### Entries supplied ###

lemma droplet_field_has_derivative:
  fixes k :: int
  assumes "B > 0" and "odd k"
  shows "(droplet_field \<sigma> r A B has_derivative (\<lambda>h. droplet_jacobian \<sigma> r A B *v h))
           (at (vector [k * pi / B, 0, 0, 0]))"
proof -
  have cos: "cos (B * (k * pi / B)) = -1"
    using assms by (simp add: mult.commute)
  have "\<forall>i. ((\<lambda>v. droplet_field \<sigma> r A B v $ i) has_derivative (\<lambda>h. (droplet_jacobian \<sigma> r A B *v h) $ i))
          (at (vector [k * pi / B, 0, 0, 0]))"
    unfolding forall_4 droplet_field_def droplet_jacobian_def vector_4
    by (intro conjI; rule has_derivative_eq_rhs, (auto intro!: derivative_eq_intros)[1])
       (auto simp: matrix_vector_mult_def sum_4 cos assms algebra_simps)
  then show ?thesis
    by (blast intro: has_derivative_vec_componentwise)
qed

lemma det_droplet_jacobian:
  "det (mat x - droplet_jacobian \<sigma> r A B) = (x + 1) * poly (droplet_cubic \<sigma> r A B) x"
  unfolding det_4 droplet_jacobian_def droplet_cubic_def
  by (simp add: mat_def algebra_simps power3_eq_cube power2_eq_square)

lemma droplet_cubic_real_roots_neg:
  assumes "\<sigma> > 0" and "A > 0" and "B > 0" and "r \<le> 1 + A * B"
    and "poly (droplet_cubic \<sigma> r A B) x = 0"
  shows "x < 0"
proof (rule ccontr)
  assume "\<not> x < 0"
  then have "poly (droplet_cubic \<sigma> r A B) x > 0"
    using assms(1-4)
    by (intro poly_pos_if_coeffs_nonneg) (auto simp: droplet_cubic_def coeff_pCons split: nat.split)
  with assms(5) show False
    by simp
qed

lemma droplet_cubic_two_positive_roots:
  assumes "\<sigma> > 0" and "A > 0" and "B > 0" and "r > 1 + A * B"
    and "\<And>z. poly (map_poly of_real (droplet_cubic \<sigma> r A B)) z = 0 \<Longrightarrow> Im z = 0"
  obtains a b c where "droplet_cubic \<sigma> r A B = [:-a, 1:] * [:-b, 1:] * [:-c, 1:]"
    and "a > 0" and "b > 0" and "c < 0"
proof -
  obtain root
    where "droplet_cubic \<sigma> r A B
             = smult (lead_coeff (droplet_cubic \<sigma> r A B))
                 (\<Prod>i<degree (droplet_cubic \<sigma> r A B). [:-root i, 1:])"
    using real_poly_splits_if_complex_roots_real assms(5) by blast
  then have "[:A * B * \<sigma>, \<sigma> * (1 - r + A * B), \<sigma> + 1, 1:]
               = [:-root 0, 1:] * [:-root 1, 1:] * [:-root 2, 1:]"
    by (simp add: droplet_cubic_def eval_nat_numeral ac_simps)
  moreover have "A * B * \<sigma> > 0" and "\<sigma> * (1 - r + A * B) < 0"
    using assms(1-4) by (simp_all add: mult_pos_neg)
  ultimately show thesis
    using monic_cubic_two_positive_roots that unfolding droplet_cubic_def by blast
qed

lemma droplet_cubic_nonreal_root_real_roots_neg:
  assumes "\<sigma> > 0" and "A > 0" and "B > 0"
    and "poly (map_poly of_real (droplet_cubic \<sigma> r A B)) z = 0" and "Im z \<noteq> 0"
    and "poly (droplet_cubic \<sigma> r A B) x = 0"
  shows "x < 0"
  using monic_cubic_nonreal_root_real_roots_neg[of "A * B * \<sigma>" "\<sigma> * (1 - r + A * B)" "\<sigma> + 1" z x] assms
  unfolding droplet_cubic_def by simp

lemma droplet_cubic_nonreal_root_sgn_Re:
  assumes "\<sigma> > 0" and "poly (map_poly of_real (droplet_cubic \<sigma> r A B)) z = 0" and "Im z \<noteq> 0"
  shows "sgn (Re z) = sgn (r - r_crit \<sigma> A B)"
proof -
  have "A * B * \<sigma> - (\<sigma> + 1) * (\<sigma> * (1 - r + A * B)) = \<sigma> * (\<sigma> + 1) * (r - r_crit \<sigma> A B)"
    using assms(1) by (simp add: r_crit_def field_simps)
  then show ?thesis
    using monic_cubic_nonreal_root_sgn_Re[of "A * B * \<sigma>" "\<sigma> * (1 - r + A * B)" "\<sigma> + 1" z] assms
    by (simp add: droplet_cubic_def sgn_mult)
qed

###

» **What is required**: A single figure is the whole answer here: the number of lines in the records above that include "then".

» **Task result**: 4